# MSDS 8310 - Project 2: Automated Trading Strategy

### Investigators
- [Matt Baldree](mailto:mbaldree@smu.edu)


# Abstract 

In this project, leading and lagging financial technical indicators were applied to cryptocurrency asset, Bitcoin, historical closing price to determine a trading strategy. The trading strategy was used to buy, sell, and hold assets and compared with a buy and hold strategy. Various closing resolutions and algorithms were explored for understanding but not all were documented. The resulting lower resolution closing labeled data of 2 hours was fitted with a stochastic gradient boosting algorithm, `XGBoost`, to predict a strategy based on time series close price and volume data plus derived data. Accuracy of learned algorithm was 95.4%. RSI proved to be the most important feature.

# Introduction

Traders, especially new traders, have a difficult time determining when he or she should enter or exit a market. Without objective data or signals, the trader or investor might choose to sit out of the market or buy and sell based on naive thinking.
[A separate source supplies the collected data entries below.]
(* Let $\|\cdot\|$ be a norm on $\mathbb{R}^d$ with $\|x\|\le\mu\|x\|_2$ for all $x$, and let $T:\mathbb{R}^d\to\mathbb{R}^d$ be a $\gamma$-contraction ($\gamma\in(0,1)$) with unique fixed point $x^*$. Let $\tilde T(x,\xi)$, $\xi\sim\mathcal{D}_x$, be a stochastic oracle with $\mathbb{E}(\tilde T(x,\xi))=Tx$ and $\sup_x\mathbb{E}(\|\tilde T(x,\xi)-Tx\|_2^2)\le\sigma^2$. Let $\varepsilon>0$ and $N=\left\lceil\frac{\|x^0-x^*\|+2\mu\sigma}{\varepsilon(1-\gamma)}\right\rceil$. Consider the stochastic Halpern method: for $n=1,\dots,N$, draw $k_n$ independent samples $\xi_{n,1},\dots,\xi_{n,k_n}\sim\mathcal{D}_{x^{n-1}}$ and set $x^n=(1-\beta_n)x^0+\beta_n\frac{1}{k_n}\sum_{j=1}^{k_n}\tilde T(x^{n-1},\xi_{n,j})$, with $\beta_n=\frac{n}{n+1}$ and $k_n=\lceil n^2\gamma^{N-n}\rceil$. Then the returned $x^N$ satisfies $\mathbb{E}(\|x^N-x^*\|)\le\varepsilon$, and the method uses at most $O\!\left(\frac{\|x^0-x^*\|^2+\mu^2\sigma^2}{\varepsilon^2(1-\gamma)^3}\right)$ queries to $\tilde T$.
   Context: $\|\cdot\|_2$ is the Euclidean norm; the number of queries is $\sum_{n=1}^N k_n$. *)

theory Defs
  imports "HOL-Probability.Probability"
begin

definition is_norm :: "('a::real_vector \<Rightarrow> real) \<Rightarrow> bool" where
  "is_norm f \<longleftrightarrow> (\<forall>x. 0 \<le> f x) \<and> (\<forall>x. f x = 0 \<longleftrightarrow> x = 0) \<and>
     (\<forall>c x. f (c *\<^sub>R x) = \<bar>c\<bar> * f x) \<and> (\<forall>x y. f (x + y) \<le> f x + f y)"

text \<open>Law (distribution) of the iterate x^n of the stochastic Halpern method with
  anchor x0, weights beta n and batch sizes k n: at step n, k n fresh independent samples
  are drawn from D (x^(n-1)) and x^n is formed from their average.\<close>
primrec halpern_law ::
  "('v::euclidean_space \<Rightarrow> 'b measure) \<Rightarrow> ('v \<Rightarrow> 'b \<Rightarrow> 'v) \<Rightarrow> 'v \<Rightarrow>
   (nat \<Rightarrow> real) \<Rightarrow> (nat \<Rightarrow> nat) \<Rightarrow> nat \<Rightarrow> 'v measure" where
  "halpern_law D Tt x0 beta k 0 = return borel x0"
| "halpern_law D Tt x0 beta k (Suc n) =
     halpern_law D Tt x0 beta k n \<bind>
       (\<lambda>y. distr (PiM {..<k (Suc n)} (\<lambda>_. D y)) borel
              (\<lambda>\<omega>. (1 - beta (Suc n)) *\<^sub>R x0 +
                   beta (Suc n) *\<^sub>R ((1 / real (k (Suc n))) *\<^sub>R
                      (\<Sum>j<k (Suc n). Tt y (\<omega> j)))))"

text \<open>Number of iterations N, with a = \<parallel>x0 - x*\<parallel> and s = \<mu>\<sigma>.\<close>
definition halpern_N :: "real \<Rightarrow> real \<Rightarrow> real \<Rightarrow> real \<Rightarrow> nat" where
  "halpern_N a s \<epsilon> \<gamma> = nat \<lceil>(a + 2 * s) / (\<epsilon> * (1 - \<gamma>))\<rceil>"

definition halpern_batch :: "nat \<Rightarrow> real \<Rightarrow> nat \<Rightarrow> nat" where
  "halpern_batch N \<gamma> n = nat \<lceil>real n ^ 2 * \<gamma> ^ (N - n)\<rceil>"

definition halpern_queries :: "nat \<Rightarrow> real \<Rightarrow> nat" where
  "halpern_queries N \<gamma> = (\<Sum>n = 1..N. halpern_batch N \<gamma> n)"

end

theory Submission
  imports Defs
begin

text \<open>Let e_n be the expected error of x^n in the norm nrm. As T x* = x*, one step splits
  x^n - x* into (1 - beta_n) (x^0 - x*) + beta_n (T x^(n-1) - T x*) + beta_n (sample mean - T x^(n-1)).
  Variances of independent samples add, so by Jensen the mean of k_n samples is off by at most
  sigma / sqrt k_n in expected Euclidean norm, hence by mu sigma / sqrt k_n in nrm. This gives
  e_n <= (1 - beta_n) e_0 + beta_n gamma e_(n-1) + beta_n mu sigma / sqrt k_n. For beta_n = n/(n+1)
  and k_n >= n^2 gamma^(N-n) this recurrence is dominated by
  C_n = (e_0 / (1 - gamma) + mu sigma / ((1 - sqrt gamma) sqrt gamma^(N-n))) / (n + 1),
  and C_N <= (e_0 + 2 mu sigma) / ((1 - gamma) (N + 1)) <= epsilon by the choice of N.
  The number of queries is sum k_n <= N + N^2 / (1 - gamma), which is of the claimed order.\<close>

section \<open>Norms dominated by the Euclidean norm\<close>

lemma is_norm_nonneg: "is_norm f \<Longrightarrow> 0 \<le> f x"
  by (simp add: is_norm_def)

lemma is_norm_eq_0_iff: "is_norm f \<Longrightarrow> f x = 0 \<longleftrightarrow> x = 0"
  by (simp add: is_norm_def)

lemma is_norm_scaleR: "is_norm f \<Longrightarrow> f (c *\<^sub>R x) = \<bar>c\<bar> * f x"
  by (simp add: is_norm_def)

lemma is_norm_triangle: "is_norm f \<Longrightarrow> f (x + y) \<le> f x + f y"
  by (simp add: is_norm_def)

lemma is_norm_minus_commute: "is_norm f \<Longrightarrow> f (x - y) = f (y - x)"
  using is_norm_scaleR[of f "-1" "y - x"] by simp

lemma is_norm_diff_le: "is_norm f \<Longrightarrow> \<bar>f x - f y\<bar> \<le> f (x - y)"
  using is_norm_triangle[of f "x - y" y] is_norm_triangle[of f "y - x" x]
    is_norm_minus_commute[of f x y] by auto

lemma is_norm_dominated_factor_nonneg:
  fixes f :: "'a::euclidean_space \<Rightarrow> real"
  assumes "is_norm f" and "\<And>x. f x \<le> \<mu> * norm x"
  shows "0 \<le> \<mu>"
proof -
  obtain b :: 'a where "b \<in> Basis" using nonempty_Basis by blast
  then have "b \<noteq> 0" "norm b = 1" by auto
  then have "0 < f b"
    using assms(1) is_norm_nonneg[of f b] is_norm_eq_0_iff[of f b] by linarith
  with assms(2)[of b] \<open>norm b = 1\<close> show ?thesis by simp
qed

lemma is_norm_borel_measurable:
  fixes f :: "'a::euclidean_space \<Rightarrow> real"
  assumes "is_norm f" and "\<And>x. f x \<le> \<mu> * norm x"
  shows "f \<in> borel_measurable borel"
proof (rule borel_measurable_continuous_onI, rule lipschitz_on_continuous_on)
  show "\<mu>-lipschitz_on UNIV f"
  proof (rule lipschitz_onI)
    fix x y :: 'a
    have "\<bar>f x - f y\<bar> \<le> \<mu> * norm (x - y)"
      using is_norm_diff_le[OF assms(1)] assms(2) order_trans by blast
    then show "dist (f x) (f y) \<le> \<mu> * dist x y"
      by (simp add: dist_real_def dist_norm)
  qed (rule is_norm_dominated_factor_nonneg[OF assms])
qed

section \<open>Sample means of independent vectors\<close>

lemma power2_norm_eq_sum_Basis:
  "(norm (z::'a::euclidean_space))\<^sup>2 = (\<Sum>b\<in>Basis. (z \<bullet> b)\<^sup>2)"
  unfolding power2_norm_eq_inner by (subst euclidean_inner) (simp add: power2_eq_square)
Experienced traders learn to read stock charts and leverage technical indicators and overlays to make trading decisions. Traders of traditional corporate stock assets use additional criteria such as P/E ratios, balance sheets, etc. Cryptocurrency assets do not have such information and must instead use social media sentiment/growth, developer capabilities, marketing strategy, liquidity, etc. Obtaining this information is difficult leaving the investor to rely on gut and traditional trading tools like technical indicators. In addition, cryptocurrencies trade 24x7 across various exchanges. 

A technical indicator is "any class of metrics whose value is derived from generic price activity in a stock or asset [1]." There are two kinds of techincal indicators, leading and lagging, that try to predict the future or general price direction of a security by looking at past patterns. Leading indicators signal future events. Lagging indicators follows an event. The importance of a lagging indicator is its ability to confirm that a pattern is occurring. There are many, many indicators. For this project, two popular indicators, relative strength indicator (RSI) and Bollinger bands (BB), are used to determine a trading strategy [4]. Through trial and error, the indicators were adjusted to fit the pattern of Bitcoin close price for daily and 2 hour samples. An algorithm was developer to incorporate both indicators to determine a trading strategy of *buy*, *sell*, or *do nothing*. This strategy was then applied to buy or sell the asset and the result compared to a buy and hold strategy. 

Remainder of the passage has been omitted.